(Instructions to follow) In the records below, begin at the line that has "add: ratio pos_divide_le_eq)" and stop after the line that has "I \<Longrightarrow> 0"; quote those lines verbatim and nothing more.

Saved data entries
┄┄┄┄┄┄┄┄┄┄

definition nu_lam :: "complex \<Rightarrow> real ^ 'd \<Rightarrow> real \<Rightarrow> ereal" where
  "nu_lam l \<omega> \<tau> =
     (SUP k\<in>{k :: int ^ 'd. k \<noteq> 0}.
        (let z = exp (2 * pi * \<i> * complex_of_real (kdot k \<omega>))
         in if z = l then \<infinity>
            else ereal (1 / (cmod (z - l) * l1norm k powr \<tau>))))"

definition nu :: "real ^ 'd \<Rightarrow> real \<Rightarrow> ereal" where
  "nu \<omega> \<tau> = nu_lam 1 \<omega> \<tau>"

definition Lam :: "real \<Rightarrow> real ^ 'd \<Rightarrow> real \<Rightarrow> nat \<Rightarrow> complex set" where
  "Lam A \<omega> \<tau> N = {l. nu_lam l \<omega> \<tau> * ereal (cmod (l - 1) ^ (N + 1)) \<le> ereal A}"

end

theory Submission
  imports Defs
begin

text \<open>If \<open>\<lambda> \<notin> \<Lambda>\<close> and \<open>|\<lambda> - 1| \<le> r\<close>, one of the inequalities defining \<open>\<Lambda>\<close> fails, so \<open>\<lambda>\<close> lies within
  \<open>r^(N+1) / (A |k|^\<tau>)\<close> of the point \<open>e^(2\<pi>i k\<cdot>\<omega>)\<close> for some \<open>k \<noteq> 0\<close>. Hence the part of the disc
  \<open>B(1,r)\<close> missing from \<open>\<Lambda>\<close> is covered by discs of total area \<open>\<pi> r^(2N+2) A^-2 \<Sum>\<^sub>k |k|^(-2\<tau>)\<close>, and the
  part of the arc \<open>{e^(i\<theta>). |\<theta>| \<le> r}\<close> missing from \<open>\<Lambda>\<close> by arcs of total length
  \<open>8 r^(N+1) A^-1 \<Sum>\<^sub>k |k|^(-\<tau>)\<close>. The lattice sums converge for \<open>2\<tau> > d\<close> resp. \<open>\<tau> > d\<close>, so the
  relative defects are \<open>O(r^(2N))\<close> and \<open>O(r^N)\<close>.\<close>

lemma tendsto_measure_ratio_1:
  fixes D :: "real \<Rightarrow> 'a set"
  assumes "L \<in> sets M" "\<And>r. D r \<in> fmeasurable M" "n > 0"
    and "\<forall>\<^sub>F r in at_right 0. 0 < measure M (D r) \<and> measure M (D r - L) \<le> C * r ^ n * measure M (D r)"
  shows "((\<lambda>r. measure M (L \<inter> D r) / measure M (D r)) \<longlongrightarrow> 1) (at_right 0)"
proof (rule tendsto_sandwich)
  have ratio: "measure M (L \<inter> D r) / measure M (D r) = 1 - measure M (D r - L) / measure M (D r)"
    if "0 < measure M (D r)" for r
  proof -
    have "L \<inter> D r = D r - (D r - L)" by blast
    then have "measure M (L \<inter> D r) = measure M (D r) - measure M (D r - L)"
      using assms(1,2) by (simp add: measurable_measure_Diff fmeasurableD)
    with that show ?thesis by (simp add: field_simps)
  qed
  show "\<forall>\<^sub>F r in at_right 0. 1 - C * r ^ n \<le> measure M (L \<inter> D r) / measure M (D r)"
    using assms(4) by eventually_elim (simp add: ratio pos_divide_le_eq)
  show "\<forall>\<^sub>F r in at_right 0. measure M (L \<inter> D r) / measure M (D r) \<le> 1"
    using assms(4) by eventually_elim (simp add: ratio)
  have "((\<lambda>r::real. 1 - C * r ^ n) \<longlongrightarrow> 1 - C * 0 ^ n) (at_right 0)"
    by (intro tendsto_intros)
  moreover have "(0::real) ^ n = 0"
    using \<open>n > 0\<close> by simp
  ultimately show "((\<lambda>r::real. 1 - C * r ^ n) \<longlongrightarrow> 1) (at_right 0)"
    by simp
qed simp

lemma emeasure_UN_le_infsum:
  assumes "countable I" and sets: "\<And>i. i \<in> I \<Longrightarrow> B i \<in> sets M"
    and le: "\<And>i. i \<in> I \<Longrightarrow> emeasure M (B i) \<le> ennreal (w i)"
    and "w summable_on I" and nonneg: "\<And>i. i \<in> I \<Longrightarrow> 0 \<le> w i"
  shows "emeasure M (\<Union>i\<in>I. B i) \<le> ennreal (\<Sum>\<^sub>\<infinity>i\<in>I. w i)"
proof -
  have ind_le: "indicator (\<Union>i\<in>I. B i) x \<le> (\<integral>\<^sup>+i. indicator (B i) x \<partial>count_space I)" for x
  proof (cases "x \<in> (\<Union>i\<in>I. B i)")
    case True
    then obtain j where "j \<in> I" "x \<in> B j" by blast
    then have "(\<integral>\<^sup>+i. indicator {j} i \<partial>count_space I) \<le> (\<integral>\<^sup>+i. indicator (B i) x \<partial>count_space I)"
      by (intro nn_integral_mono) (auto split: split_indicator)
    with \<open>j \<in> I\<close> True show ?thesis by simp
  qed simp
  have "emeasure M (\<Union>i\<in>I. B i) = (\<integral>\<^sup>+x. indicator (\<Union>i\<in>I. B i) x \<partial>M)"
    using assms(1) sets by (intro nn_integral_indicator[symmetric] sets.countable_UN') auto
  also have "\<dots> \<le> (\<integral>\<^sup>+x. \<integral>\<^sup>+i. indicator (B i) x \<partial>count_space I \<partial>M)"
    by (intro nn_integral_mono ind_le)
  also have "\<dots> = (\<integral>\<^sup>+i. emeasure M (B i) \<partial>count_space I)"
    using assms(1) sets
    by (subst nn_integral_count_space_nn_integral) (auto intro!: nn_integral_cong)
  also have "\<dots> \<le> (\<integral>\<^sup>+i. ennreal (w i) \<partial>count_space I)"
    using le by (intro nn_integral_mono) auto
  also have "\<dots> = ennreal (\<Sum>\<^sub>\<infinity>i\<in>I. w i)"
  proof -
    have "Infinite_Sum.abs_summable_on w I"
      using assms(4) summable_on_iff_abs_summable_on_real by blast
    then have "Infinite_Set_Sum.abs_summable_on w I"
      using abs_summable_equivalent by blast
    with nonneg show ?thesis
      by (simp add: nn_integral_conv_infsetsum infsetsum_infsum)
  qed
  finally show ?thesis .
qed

┄┄┄┄┄┄┄┄┄┄

(Answer area)
    using assms(4) by eventually_elim (simp add: ratio pos_divide_le_eq)
  show "\<forall>\<^sub>F r in at_right 0. measure M (L \<inter> D r) / measure M (D r) \<le> 1"
    using assms(4) by eventually_elim (simp add: ratio)
  have "((\<lambda>r::real. 1 - C * r ^ n) \<longlongrightarrow> 1 - C * 0 ^ n) (at_right 0)"
    by (intro tendsto_intros)
  moreover have "(0::real) ^ n = 0"
    using \<open>n > 0\<close> by simp
  ultimately show "((\<lambda>r::real. 1 - C * r ^ n) \<longlongrightarrow> 1) (at_right 0)"
    by simp
qed simp

lemma emeasure_UN_le_infsum:
  assumes "countable I" and sets: "\<And>i. i \<in> I \<Longrightarrow> B i \<in> sets M"
    and le: "\<And>i. i \<in> I \<Longrightarrow> emeasure M (B i) \<le> ennreal (w i)"
    and "w summable_on I" and nonneg: "\<And>i. i \<in> I \<Longrightarrow> 0 \<le> w i"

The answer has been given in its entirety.